## [About this exercise]
Wherever "subsetD" turns up in the entries, copy out the line that holds it.
___ Data ___
(* Let $n\ge 1$, $k\ge 1$ be integers, let $\lambda\in\mathbb{F}_{2^n}^*$, and let $f:\mathbb{F}_{2^n}\to\mathbb{F}_2$ be given by $f(x)=Tr(\lambda x^{2^k+1})$. Then $f$ is negabent if and only if $$\lambda^{2^{n-k}}a^{2^{n-k}}+\lambda a^{2^k}+a\neq 0\quad\text{for all } a\in\mathbb{F}_{2^n}^*.$$
   Context: $Tr=Tr_1^n:\mathbb{F}_{2^n}\to\mathbb{F}_2$ is the absolute trace, $Tr(x)=x+x^2+\dots+x^{2^{n-1}}$. Fix a self-dual basis $\{\alpha_1,\dots,\alpha_n\}$ of $\mathbb{F}_{2^n}$ over $\mathbb{F}_2$ (i.e. $Tr(\alpha_i\alpha_j)=\delta_{ij}$) and identify $x=\sum x_i\alpha_i$ with $(x_1,\dots,x_n)\in\mathbb{F}_2^n$, so that $Tr(xy)=\sum_i x_iy_i$; let $wt(x)$ be the number of nonzero coordinates $x_i$. For $f:\mathbb{F}_{2^n}\to\mathbb{F}_2$ the nega-Hadamard transform is $\mathcal{N}_f(\mu)=2^{-n/2}\sum_{x\in\mathbb{F}_{2^n}}(-1)^{f(x)+Tr(\mu x)}\,\mathrm{i}^{wt(x)}$ with $\mathrm{i}=\sqrt{-1}$, and $f$ is called negabent if $|\mathcal{N}_f(\mu)|=1$ for all $\mu\in\mathbb{F}_{2^n}$. *)

theory Defs
  imports Complex_Main
begin

text \<open>Absolute trace of F_{2^n} over F_2, with values in the prime subfield {0,1}.\<close>
definition Tr :: "nat \<Rightarrow> 'a::field \<Rightarrow> 'a" where
  "Tr n x = (\<Sum>i<n. x ^ (2 ^ i))"

definition self_dual_basis :: "nat \<Rightarrow> (nat \<Rightarrow> 'a::field) \<Rightarrow> bool" where
  "self_dual_basis n \<alpha> \<longleftrightarrow>
     (\<forall>i<n. \<forall>j<n. Tr n (\<alpha> i * \<alpha> j) = (if i = j then 1 else 0))"

definition coords :: "nat \<Rightarrow> (nat \<Rightarrow> 'a::field) \<Rightarrow> 'a \<Rightarrow> nat \<Rightarrow> 'a" where
  "coords n \<alpha> x = (THE c. (\<forall>i<n. c i \<in> {0, 1}) \<and> (\<forall>i. n \<le> i \<longrightarrow> c i = 0)
                          \<and> x = (\<Sum>i<n. c i * \<alpha> i))"

definition wt :: "nat \<Rightarrow> (nat \<Rightarrow> 'a::field) \<Rightarrow> 'a \<Rightarrow> nat" where
  "wt n \<alpha> x = card {i. i < n \<and> coords n \<alpha> x i \<noteq> 0}"

definition sgn2 :: "'a::field \<Rightarrow> complex" where
  "sgn2 b = (if b = 0 then 1 else -1)"

text \<open>Nega-Hadamard transform of f : F_{2^n} -> F_2 (F_2 = {0,1} inside the field).\<close>
definition nega_hadamard :: "nat \<Rightarrow> (nat \<Rightarrow> 'a::{field,finite}) \<Rightarrow> ('a \<Rightarrow> 'a) \<Rightarrow> 'a \<Rightarrow> complex" where
  "nega_hadamard n \<alpha> f \<mu> =
     (1 / sqrt (2 ^ n)) * (\<Sum>x\<in>UNIV. sgn2 (f x + Tr n (\<mu> * x)) * \<i> ^ wt n \<alpha> x)"

definition negabent :: "nat \<Rightarrow> (nat \<Rightarrow> 'a::{field,finite}) \<Rightarrow> ('a \<Rightarrow> 'a) \<Rightarrow> bool" where
  "negabent n \<alpha> f \<longleftrightarrow> (\<forall>\<mu>. cmod (nega_hadamard n \<alpha> f \<mu>) = 1)"

end

theory Submission
  imports Defs
begin

(*
  f is a quadratic form: f (x + z) = f x + f z + Tr (x * L z) with
  L z = lam^(2^(n-k)) z^(2^(n-k)) + lam z^(2^k), the first term coming from Tr y = Tr (y^(2^(n-k))).
  In coordinates for a self-dual basis Tr (x * z) is the dot product, and coordinatewise
  i^(wt x) * conj (i^(wt (x + z))) = (-i)^(wt z) * (-1)^Tr (x * z).
  Expanding |N_f mu|^2 as a double sum over x and x + z and summing out x by orthogonality of
  the additive characters leaves a character sum over the kernel K of z |-> L z + z, whose
  coefficients are nonzero. For K = {0} it is identically 1; conversely, if it is 1 for every mu,
  Fourier inversion shows that K contains nothing but 0.
*)

lemma frobenius_add:
  fixes x y :: "'a::comm_ring_1"
  assumes "(2::'a) = 0"
  shows "(x + y) ^ (2 ^ j) = x ^ (2 ^ j) + y ^ (2 ^ j)"
proof (induction j)
  case (Suc j)
  have "(x + y) ^ (2 ^ Suc j) = ((x + y) ^ (2 ^ j)) ^ 2"
    by (simp add: power_mult[symmetric] mult.commute)
  also have "\<dots> = (x ^ (2 ^ j)) ^ 2 + (y ^ (2 ^ j)) ^ 2"
    by (simp add: Suc power2_sum assms)
  finally show ?case
    by (simp add: power_mult[symmetric] mult.commute)
qed simp

lemma frobenius_sum:
  fixes y :: "'b \<Rightarrow> 'a::comm_ring_1"
  assumes "(2::'a) = 0" and "finite A"
  shows "(\<Sum>i\<in>A. y i) ^ (2 ^ j) = (\<Sum>i\<in>A. y i ^ (2 ^ j))"
  using assms(2) by (induction A rule: finite_induct) (simp_all add: frobenius_add[OF assms(1)] power_0_left)

lemma finite_field_pow_card_minus_one:
  fixes x :: "'a::{field,finite}"
  assumes "x \<noteq> 0"
  shows "x ^ (card (UNIV :: 'a set) - 1) = 1"
proof -
  let ?U = "UNIV - {0::'a}"
  have "(\<Prod>y\<in>?U. x * y) = (\<Prod>y\<in>?U. y)"
    by (rule prod.reindex_bij_witness[where i = "\<lambda>y. y / x" and j = "(*) x"]) (use assms in auto)
  moreover have "(\<Prod>y\<in>?U. x * y) = x ^ card ?U * (\<Prod>y\<in>?U. y)"
    by (simp add: prod.distrib)
  moreover have "(\<Prod>y\<in>?U. y) \<noteq> 0" by simp
  moreover have "card ?U = card (UNIV :: 'a set) - 1" by (simp add: card_Diff_singleton)
  ultimately show ?thesis by (metis mult_cancel_right2)
qed

lemma finite_field_pow_card:
  fixes x :: "'a::{field,finite}"
  shows "x ^ card (UNIV :: 'a set) = x"
proof (cases "x = 0")
  case False
  have "card (UNIV :: 'a set) = Suc (card (UNIV :: 'a set) - 1)"
    using finite_UNIV_card_ge_0[where 'a = 'a] by simp
  then show ?thesis
    using finite_field_pow_card_minus_one[OF False] by (metis power_Suc mult_1_right)
qed (simp add: finite_UNIV_card_ge_0)

lemma finite_field_card_ge_two: "2 \<le> card (UNIV :: 'a::{field,finite} set)"
proof -
  have "card {0, 1::'a} \<le> card (UNIV :: 'a set)" by (rule card_mono) simp_all
  then show ?thesis by simp
qed

lemma finite_field_two_eq_zero:
  assumes "card (UNIV :: 'a::{field,finite} set) = 2 ^ n"
  shows "(2::'a) = 0"
proof -
  have "n \<noteq> 0" using finite_field_card_ge_two[where 'a = 'a] assms by (auto intro: Nat.gr0I)
  then have "odd (card (UNIV :: 'a set) - 1)" using assms by simp
  moreover have "(-1::'a) ^ (card (UNIV :: 'a set) - 1) = 1"
    by (rule finite_field_pow_card_minus_one) simp
  ultimately have "(-1::'a) = 1" by simp
  then show ?thesis by (metis one_add_one add_eq_0_iff)
qed

lemma mult_mem_01: "(a::'a::semiring_1) \<in> {0, 1} \<Longrightarrow> b \<in> {0, 1} \<Longrightarrow> a * b \<in> {0, 1}"
  by auto

lemma sgn2_mult_self: "sgn2 a * sgn2 a = 1"
  by (simp add: sgn2_def)

lemma power_card_filter_lessThan:
  fixes w :: "'a::comm_monoid_mult" and m :: nat
  shows "w ^ card {j. j < m \<and> P j} = (\<Prod>j<m. if P j then w else 1)"
  by (simp add: prod.If_cases Int_def)

lemma sum_mult_cnj_sum_shift:
  fixes A :: "'a::{ab_group_add,finite} \<Rightarrow> complex"
  shows "(\<Sum>x\<in>UNIV. A x) * cnj (\<Sum>y\<in>UNIV. A y) = (\<Sum>z\<in>UNIV. \<Sum>x\<in>UNIV. A x * cnj (A (x + z)))"
proof -
  have "(\<Sum>x\<in>UNIV. A x) * cnj (\<Sum>y\<in>UNIV. A y) = (\<Sum>x\<in>UNIV. \<Sum>y\<in>UNIV. A x * cnj (A y))"
    by (simp add: cnj_sum sum_product)
  also have "\<dots> = (\<Sum>x\<in>UNIV. \<Sum>z\<in>UNIV. A x * cnj (A (x + z)))"
  proof (rule sum.cong[OF refl])
    show "(\<Sum>y\<in>UNIV. A x * cnj (A y)) = (\<Sum>z\<in>UNIV. A x * cnj (A (x + z)))" for x
      by (rule sum.reindex_bij_witness[where i = "\<lambda>z. x + z" and j = "\<lambda>y. y - x"]) simp_all
  qed
  also have "\<dots> = (\<Sum>z\<in>UNIV. \<Sum>x\<in>UNIV. A x * cnj (A (x + z)))"
    by (rule sum.swap)
  finally show ?thesis .
qed
lemma bij_betw_subtrees:
  assumes "\<eta> \<subseteq> hleaves k \<Delta> (Suc m)"
  shows "bij_betw (subtrees k \<Delta>) (indep_bc_root k \<Delta> (Suc m) \<eta> r) (child_configs k \<Delta> m \<eta> r)"
proof (rule bij_betw_byWitness[where f' = "graft k \<Delta> r"])
  have indep_subset: "I \<subseteq> hvert k \<Delta> n" if "I \<in> indep_bc k \<Delta> n \<zeta>" for I n \<zeta>
    using that by (simp add: indep_bc_def hindep_def)
  show "\<forall>I\<in>indep_bc_root k \<Delta> (Suc m) \<eta> r. graft k \<Delta> r (subtrees k \<Delta> I) = I"
  proof
    fix I
    assume "I \<in> indep_bc_root k \<Delta> (Suc m) \<eta> r"
    then have "I \<subseteq> hvert k \<Delta> (Suc m)" "([] \<in> I) = r"
      using indep_subset by (auto simp: indep_bc_root_def)
    then show "graft k \<Delta> r (subtrees k \<Delta> I) = I"
      using graft_subtrees[of I] by simp
  qed
  show "\<forall>g\<in>child_configs k \<Delta> m \<eta> r. subtrees k \<Delta> (graft k \<Delta> r g) = g"
  proof
    fix g
    assume "g \<in> child_configs k \<Delta> m \<eta> r"
    then show "subtrees k \<Delta> (graft k \<Delta> r g) = g"
      by (rule subtrees_graft[OF subsetD[OF child_configs_subset]])
  qed
  show "subtrees k \<Delta> ` indep_bc_root k \<Delta> (Suc m) \<eta> r \<subseteq> child_configs k \<Delta> m \<eta> r"
  proof (rule image_subsetI)
    fix I
    assume "I \<in> indep_bc_root k \<Delta> (Suc m) \<eta> r"
    then have "I \<in> indep_bc k \<Delta> (Suc m) \<eta>" "([] \<in> I) = r"
      by (auto simp: indep_bc_root_def)
    then show "subtrees k \<Delta> I \<in> child_configs k \<Delta> m \<eta> r"
      using subtrees_in_child_configs_iff[OF assms indep_subset] by blast
  qed
  show "graft k \<Delta> r ` child_configs k \<Delta> m \<eta> r \<subseteq> indep_bc_root k \<Delta> (Suc m) \<eta> r"
  proof (rule image_subsetI)
    fix g
    assume g: "g \<in> child_configs k \<Delta> m \<eta> r"
    then have g_Pi: "g \<in> (\<Pi>\<^sub>E a\<in>{..<\<Delta> - 1}. \<Pi>\<^sub>E b\<in>{..<k - 1}. indep_bc k \<Delta> m (subtree (a, b) \<eta>))"
      by (rule subsetD[OF child_configs_subset])
    have "g a b \<subseteq> hvert k \<Delta> m" if "a < \<Delta> - 1" "b < k - 1" for a b
    proof -
      have "g a \<in> (\<Pi>\<^sub>E b\<in>{..<k - 1}. indep_bc k \<Delta> m (subtree (a, b) \<eta>))"
        using PiE_mem[OF g_Pi] that by simp
      then have "g a b \<in> indep_bc k \<Delta> m (subtree (a, b) \<eta>)"
        by (rule PiE_mem) (use that in simp)
      then show ?thesis
        by (rule indep_subset)
    qed
    then have "graft k \<Delta> r g \<subseteq> hvert k \<Delta> (Suc m)"
      by (rule graft_subset_hvert)
    moreover have "subtrees k \<Delta> (graft k \<Delta> r g) \<in> child_configs k \<Delta> m \<eta> ([] \<in> graft k \<Delta> r g)"
      using g subtrees_graft[OF g_Pi] by simp
    ultimately have "graft k \<Delta> r g \<in> indep_bc k \<Delta> (Suc m) \<eta>"
      using subtrees_in_child_configs_iff[OF assms] by blast
    then show "graft k \<Delta> r g \<in> indep_bc_root k \<Delta> (Suc m) \<eta> r"
      by (simp add: indep_bc_root_def)
  qed
qed

subsection \<open>The tree recursion\<close>

definition hrec :: "nat \<Rightarrow> nat \<Rightarrow> (nat \<Rightarrow> nat \<Rightarrow> real) \<Rightarrow> real" where
  "hrec k \<Delta> x = (\<Prod>a<\<Delta> - 1. 1 - (\<Prod>b<k - 1. x a b)) / (1 + (\<Prod>a<\<Delta> - 1. 1 - (\<Prod>b<k - 1. x a b)))"

lemma card_PiE_Diff_PiE:
  assumes "finite A" and "\<And>x. x \<in> A \<Longrightarrow> T x \<subseteq> S x" and "\<And>x. x \<in> A \<Longrightarrow> finite (S x)"
  shows "real (card (Pi\<^sub>E A S - Pi\<^sub>E A T)) = (\<Prod>x\<in>A. real (card (S x))) - (\<Prod>x\<in>A. real (card (T x)))"
proof -
  have sub: "Pi\<^sub>E A T \<subseteq> Pi\<^sub>E A S"
    using assms(2) by (rule PiE_mono)
  have fin: "finite (Pi\<^sub>E A S)"
    using assms(1,3) by (rule finite_PiE)
  have "card (Pi\<^sub>E A S - Pi\<^sub>E A T) = card (Pi\<^sub>E A S) - card (Pi\<^sub>E A T)"
    using card_Diff_subset[OF finite_subset[OF sub fin] sub] .
  moreover have "card (Pi\<^sub>E A T) \<le> card (Pi\<^sub>E A S)"
    using card_mono[OF fin sub] .
  ultimately show ?thesis
    using assms(1) by (simp add: of_nat_diff card_PiE of_nat_prod)
qed

lemma card_child_configs:
  "real (card (child_configs k \<Delta> m \<eta> r)) = (\<Prod>a<\<Delta> - 1.
     (\<Prod>b<k - 1. real (card (indep_bc k \<Delta> m (subtree (a, b) \<eta>))))
     - (if r then \<Prod>b<k - 1. real (card (indep_bc_root k \<Delta> m (subtree (a, b) \<eta>) True)) else 0))"
proof -
  have "real (card ((\<Pi>\<^sub>E b\<in>{..<k - 1}. indep_bc k \<Delta> m (subtree (a, b) \<eta>))
       - (if r then \<Pi>\<^sub>E b\<in>{..<k - 1}. indep_bc_root k \<Delta> m (subtree (a, b) \<eta>) True else {})))
    = (\<Prod>b<k - 1. real (card (indep_bc k \<Delta> m (subtree (a, b) \<eta>))))
     - (if r then \<Prod>b<k - 1. real (card (indep_bc_root k \<Delta> m (subtree (a, b) \<eta>) True)) else 0)"
    for a
    by (cases r) (simp_all add: card_PiE_Diff_PiE indep_bc_root_subset finite_indep_bc card_PiE)
  then show ?thesis
    unfolding child_configs_def by (simp add: card_PiE of_nat_prod)
qed

lemma hrec_ratio:
  fixes S T :: "nat \<Rightarrow> nat \<Rightarrow> real"
  assumes "\<And>a b. a < \<Delta> - 1 \<Longrightarrow> b < k - 1 \<Longrightarrow> 0 < S a b \<and> 0 \<le> T a b \<and> T a b \<le> S a b"
  shows "(\<Prod>a<\<Delta> - 1. (\<Prod>b<k - 1. S a b) - (\<Prod>b<k - 1. T a b))
      / ((\<Prod>a<\<Delta> - 1. (\<Prod>b<k - 1. S a b) - (\<Prod>b<k - 1. T a b)) + (\<Prod>a<\<Delta> - 1. \<Prod>b<k - 1. S a b))
    = hrec k \<Delta> (\<lambda>a b. T a b / S a b)"
proof -
  define Q where "Q = (\<Prod>a<\<Delta> - 1. \<Prod>b<k - 1. S a b)"
  define R where "R = (\<Prod>a<\<Delta> - 1. 1 - (\<Prod>b<k - 1. T a b / S a b))"
  have S_prod_pos: "0 < (\<Prod>b<k - 1. S a b)" if "a < \<Delta> - 1" for a
    using assms that by (intro prod_pos) auto
  have "(\<Prod>b<k - 1. S a b) - (\<Prod>b<k - 1. T a b) = (\<Prod>b<k - 1. S a b) * (1 - (\<Prod>b<k - 1. T a b / S a b))"
    if "a < \<Delta> - 1" for a
  proof -
    have cancel: "P - X = P * (1 - X / P)" if "P \<noteq> 0" for P X :: real
      using that by (simp add: field_simps)
    show ?thesis
      unfolding prod_dividef by (rule cancel) (use S_prod_pos[OF that] in linarith)
  qed
  then have numerator: "(\<Prod>a<\<Delta> - 1. (\<Prod>b<k - 1. S a b) - (\<Prod>b<k - 1. T a b)) = Q * R"
    unfolding Q_def R_def prod.distrib[symmetric] by (intro prod.cong) auto
  have "0 < Q"
    unfolding Q_def by (rule prod_pos) (use S_prod_pos in auto)
  moreover have "0 \<le> R"
  proof -
    have "0 \<le> T a b / S a b \<and> T a b / S a b \<le> 1" if "a < \<Delta> - 1" "b < k - 1" for a b
      using assms[OF that] by simp
    then have "(\<Prod>b<k - 1. T a b / S a b) \<le> 1" if "a < \<Delta> - 1" for a
      using that by (intro prod_le_1) auto
    then show ?thesis
      unfolding R_def by (intro prod_nonneg) simp
  qed
  ultimately have "Q * R / (Q * R + Q) = R / (1 + R)"
    by (simp add: distrib_left[of Q R 1, symmetric, simplified])
  then show ?thesis
    unfolding numerator Q_def[symmetric] hrec_def R_def .
qed

lemma hcond_eq_card:
  "hcond k \<Delta> n \<eta> = real (card (indep_bc_root k \<Delta> n \<eta> True)) / real (card (indep_bc k \<Delta> n \<eta>))"
proof -
  have "{I. hindep k \<Delta> n I \<and> [] \<in> I \<and> I \<inter> hleaves k \<Delta> n = \<eta>} = indep_bc_root k \<Delta> n \<eta> True"
    by (auto simp: indep_bc_root_def indep_bc_def)
  moreover have "{I. hindep k \<Delta> n I \<and> I \<inter> hleaves k \<Delta> n = \<eta>} = indep_bc k \<Delta> n \<eta>"
    by (simp add: indep_bc_def)
  ultimately show ?thesis
    by (simp add: hcond_def)
qed

lemma hcond_Suc:
  assumes "\<eta> \<subseteq> hleaves k \<Delta> (Suc m)"
  shows "hcond k \<Delta> (Suc m) \<eta> = hrec k \<Delta> (\<lambda>a b. hcond k \<Delta> m (subtree (a, b) \<eta>))"
proof -
  define S where "S a b = real (card (indep_bc k \<Delta> m (subtree (a, b) \<eta>)))" for a b
  define T where "T a b = real (card (indep_bc_root k \<Delta> m (subtree (a, b) \<eta>) True))" for a b
  have card_root: "real (card (indep_bc_root k \<Delta> (Suc m) \<eta> r)) =
      (\<Prod>a<\<Delta> - 1. (\<Prod>b<k - 1. S a b) - (if r then \<Prod>b<k - 1. T a b else 0))" for r
    unfolding S_def T_def card_child_configs[symmetric]
    using bij_betw_same_card[OF bij_betw_subtrees[OF assms]] by simp
  have bounds: "0 < S a b \<and> 0 \<le> T a b \<and> T a b \<le> S a b" for a b
    unfolding S_def T_def
    using card_indep_bc_pos[OF subtree_subset_hleaves[OF assms]]
      card_mono[OF finite_indep_bc indep_bc_root_subset] by simp
  have "hcond k \<Delta> (Suc m) \<eta> =
      (\<Prod>a<\<Delta> - 1. (\<Prod>b<k - 1. S a b) - (\<Prod>b<k - 1. T a b))
      / ((\<Prod>a<\<Delta> - 1. (\<Prod>b<k - 1. S a b) - (\<Prod>b<k - 1. T a b)) + (\<Prod>a<\<Delta> - 1. \<Prod>b<k - 1. S a b))"
    using card_root[of True] card_root[of False]
    by (simp add: hcond_eq_card card_indep_bc)
  also have "\<dots> = hrec k \<Delta> (\<lambda>a b. T a b / S a b)"
    using bounds by (intro hrec_ratio)
  finally have "hcond k \<Delta> (Suc m) \<eta> = hrec k \<Delta> (\<lambda>a b. T a b / S a b)" .
  then show ?thesis
    unfolding S_def T_def hcond_eq_card .
qed

lemma hrec_antimono:
  assumes "\<And>a b. a < \<Delta> - 1 \<Longrightarrow> b < k - 1 \<Longrightarrow> 0 \<le> x a b \<and> x a b \<le> y a b \<and> y a b \<le> 1"
  shows "hrec k \<Delta> y \<le> hrec k \<Delta> x"
proof -
  define Rx where "Rx = (\<Prod>a<\<Delta> - 1. 1 - (\<Prod>b<k - 1. x a b))"
  define Ry where "Ry = (\<Prod>a<\<Delta> - 1. 1 - (\<Prod>b<k - 1. y a b))"
  have factor: "0 \<le> 1 - (\<Prod>b<k - 1. y a b) \<and> 1 - (\<Prod>b<k - 1. y a b) \<le> 1 - (\<Prod>b<k - 1. x a b)"
    if "a < \<Delta> - 1" for a
  proof -
    have "(\<Prod>b<k - 1. x a b) \<le> (\<Prod>b<k - 1. y a b)"
      by (rule prod_mono) (use assms that in auto)
    moreover have "(\<Prod>b<k - 1. y a b) \<le> 1"
      by (rule prod_le_1) (use assms that in force)
    ultimately show ?thesis
      by simp
  qed
  have "Ry \<le> Rx"
    unfolding Rx_def Ry_def by (rule prod_mono) (use factor in auto)
  moreover have "0 \<le> Ry"
    unfolding Ry_def by (rule prod_nonneg) (use factor in auto)
  ultimately have "Ry / (1 + Ry) \<le> Rx / (1 + Rx)"
    by (simp add: divide_simps) (simp add: algebra_simps)
  then show ?thesis
    unfolding hrec_def Rx_def Ry_def .
qed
___
## [Answer to the problem]
      by (rule subtrees_graft[OF subsetD[OF child_configs_subset]])
      by (rule subsetD[OF child_configs_subset])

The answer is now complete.